(* Let $n$ and $k$ be nonnegative integers with $k\le n$. Then $$\sum_{m=k}^{n}\binom{n}{m}\binom{m+2k}{3k}(-1)^{m-k}=(-1)^{n-k}\binom{2k}{n-k}.$$
   Context: Binomial coefficients $\binom{a}{b}$ for nonnegative integers $a,b$ are the usual ones, with $\binom{a}{b}=0$ when $b>a$. *)

theory Defs
  imports Main
begin

end

theory Submission
  imports Defs
begin

(* Write fdiff g = (m \<mapsto> g (m+1) - g m) for the forward difference.
   Two classical facts are established first:
   (1) the n-th forward difference is the alternating binomial sum
         (fdiff^^n) g m = \<Sum>j\<le>n. C(n,j) (-1)^(n-j) g (m+j);
   (2) by Pascal's rule, fdiff maps m \<mapsto> C(m+x, b+1) to m \<mapsto> C(m+x, b), hence
         (fdiff^^n) (m \<mapsto> C(m+x, b)) = (m \<mapsto> C(m+x, b-n))  if n \<le> b, and 0 otherwise.
   For the theorem, the terms with m < k vanish (C(m+2k,3k) = 0), so the sum runs
   over m \<le> n, and after pulling out the sign (-1)^(n-k) it is (fdiff^^n) applied to
   m \<mapsto> C(m+2k,3k) at 0, i.e. C(2k, 3k-n) = C(2k, n-k) by symmetry (or 0 if n > 3k,
   where also C(2k, n-k) = 0). *)

definition fdiff :: "(nat \<Rightarrow> 'a::ab_group_add) \<Rightarrow> nat \<Rightarrow> 'a" where
  "fdiff g m = g (Suc m) - g m"

lemma iter_fdiff_eq_sum:
  fixes g :: "nat \<Rightarrow> 'a::comm_ring_1"
  shows "(fdiff ^^ n) g m = (\<Sum>j\<le>n. of_nat (n choose j) * (-1) ^ (n - j) * g (m + j))"
proof (induction n arbitrary: m)
  case 0
  show ?case by simp
next
  case (Suc n)
  let ?t = "\<lambda>j. of_nat (n choose j) * (-1) ^ (n - j) :: 'a"
  have pascal: "(\<Sum>j\<le>Suc n. of_nat (Suc n choose j) * (-1) ^ (Suc n - j) * g (m + j))
      = (\<Sum>j\<le>Suc n. of_nat (n choose j) * (-1) ^ (Suc n - j) * g (m + j))
        + (\<Sum>j\<le>Suc n. (if j = 0 then 0 else of_nat (n choose (j - 1))) * (-1) ^ (Suc n - j) * g (m + j))"
  proof (subst sum.distrib[symmetric], rule sum.cong)
    fix j
    show "of_nat (Suc n choose j) * (-1) ^ (Suc n - j) * g (m + j)
        = of_nat (n choose j) * (-1) ^ (Suc n - j) * g (m + j)
          + (if j = 0 then 0 else of_nat (n choose (j - 1))) * (-1) ^ (Suc n - j) * g (m + j)"
      by (cases j) (simp_all add: algebra_simps)
  qed simp
  have lower: "(\<Sum>j\<le>Suc n. of_nat (n choose j) * (-1) ^ (Suc n - j) * g (m + j))
      = - (\<Sum>j\<le>n. ?t j * g (m + j))"
    by (simp add: sum_negf[symmetric] Suc_diff_le binomial_eq_0)
  have upper: "(\<Sum>j\<le>Suc n. (if j = 0 then 0 else of_nat (n choose (j - 1))) * (-1) ^ (Suc n - j) * g (m + j))
      = (\<Sum>j\<le>n. ?t j * g (Suc m + j))"
    by (subst sum.atMost_Suc_shift) simp
  have "(fdiff ^^ Suc n) g m = (fdiff ^^ n) g (Suc m) - (fdiff ^^ n) g m"
    by (simp add: fdiff_def)
  also have "\<dots> = (\<Sum>j\<le>n. ?t j * g (Suc m + j)) - (\<Sum>j\<le>n. ?t j * g (m + j))"
    by (simp only: Suc.IH)
  also have "\<dots> = (\<Sum>j\<le>Suc n. of_nat (Suc n choose j) * (-1) ^ (Suc n - j) * g (m + j))"
    by (simp only: pascal lower upper) simp
  finally show ?case .
qed

(* Pascal's rule in difference form: the difference of a shifted binomial coefficient
   lowers its bottom index by one. *)
lemma fdiff_choose_shift:
  "fdiff (\<lambda>m. int ((m + x) choose Suc b)) = (\<lambda>m. int ((m + x) choose b))"
  by (rule ext) (simp add: fdiff_def)

(* Iterating: the n-th difference of m \<mapsto> C(m+x, b) is m \<mapsto> C(m+x, b-n) as long as
   n \<le> b; once the bottom index reaches 0 the function is constant and its difference 0. *)
lemma iter_fdiff_choose_shift:
  "(fdiff ^^ n) (\<lambda>m. int ((m + x) choose b))
     = (\<lambda>m. if n \<le> b then int ((m + x) choose (b - n)) else 0)"
proof (induction n)
  case 0
  show ?case by simp
next
  case (Suc n)
  have step: "(fdiff ^^ Suc n) (\<lambda>m. int ((m + x) choose b))
      = fdiff (\<lambda>m. if n \<le> b then int ((m + x) choose (b - n)) else 0)"
    using Suc.IH by simp
  consider "Suc n \<le> b" | "n = b" | "b < n" by linarith
  then show ?case
  proof cases
    case 1
    then have "b - n = Suc (b - Suc n)" by simp
    with 1 step show ?thesis by (simp add: fdiff_choose_shift)
  next
    case 2
    then show ?thesis unfolding step by (simp add: fdiff_def)
  next
    case 3
    then show ?thesis unfolding step by (simp add: fdiff_def)
  qed
qed

lemma neg_one_power_diff:
  assumes "k \<le> m" "m \<le> n"
  shows "(-1::'a::comm_ring_1) ^ (m - k) = (-1) ^ (n - k) * (-1) ^ (n - m)"
proof -
  have "n - k = (m - k) + (n - m)" using assms by simp
  then have "(-1::'a) ^ (n - k) * (-1) ^ (n - m) = (-1) ^ (m - k) * ((-1) * (-1)) ^ (n - m)"
    by (simp only: power_add power_mult_distrib mult.assoc)
  then show ?thesis by simp
qed

theorem lemma4p1:
  fixes n k :: nat
  assumes "k \<le> n"
  shows "(\<Sum>m=k..n. int (n choose m) * int ((m + 2*k) choose (3*k)) * (-1) ^ (m - k))
         = (-1) ^ (n - k) * int ((2*k) choose (n - k))"
proof -
  let ?c = "\<lambda>m. int ((m + 2*k) choose (3*k))"
  have "(\<Sum>m=k..n. int (n choose m) * ?c m * (-1) ^ (m - k))
      = (\<Sum>m=k..n. (-1) ^ (n - k) * (int (n choose m) * (-1) ^ (n - m) * ?c m))"
  proof (rule sum.cong)
    fix m assume "m \<in> {k..n}"
    then have "(-1::int) ^ (m - k) = (-1) ^ (n - k) * (-1) ^ (n - m)"
      by (simp add: neg_one_power_diff)
    then show "int (n choose m) * ?c m * (-1) ^ (m - k)
        = (-1) ^ (n - k) * (int (n choose m) * (-1) ^ (n - m) * ?c m)"
      by (simp only: mult_ac)
  qed simp
  also have "\<dots> = (-1) ^ (n - k) * (\<Sum>m=k..n. int (n choose m) * (-1) ^ (n - m) * ?c m)"
    by (simp only: sum_distrib_left)
  (* the terms with m < k vanish, since then m + 2k < 3k *)
  also have "(\<Sum>m=k..n. int (n choose m) * (-1) ^ (n - m) * ?c m)
      = (\<Sum>m\<le>n. int (n choose m) * (-1) ^ (n - m) * ?c m)"
    by (rule sum.mono_neutral_left) auto
  also have "\<dots> = (fdiff ^^ n) ?c 0"
    by (simp add: iter_fdiff_eq_sum)
  (* C(2k, 3k-n) = C(2k, n-k) by symmetry; for n > 3k both sides are 0 *)
  also have "\<dots> = int ((2*k) choose (n - k))"
    using assms binomial_symmetric[of "3*k - n" "2*k"]
    by (auto simp: iter_fdiff_choose_shift)
  finally show ?thesis .
qed

end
○ ○ ○ ○ ○ ○ ○
◆ **Work item**: If a line in the records includes the string "induction", copy it.

◆ **Your solution**:
proof (induction n arbitrary: m)
proof (induction n)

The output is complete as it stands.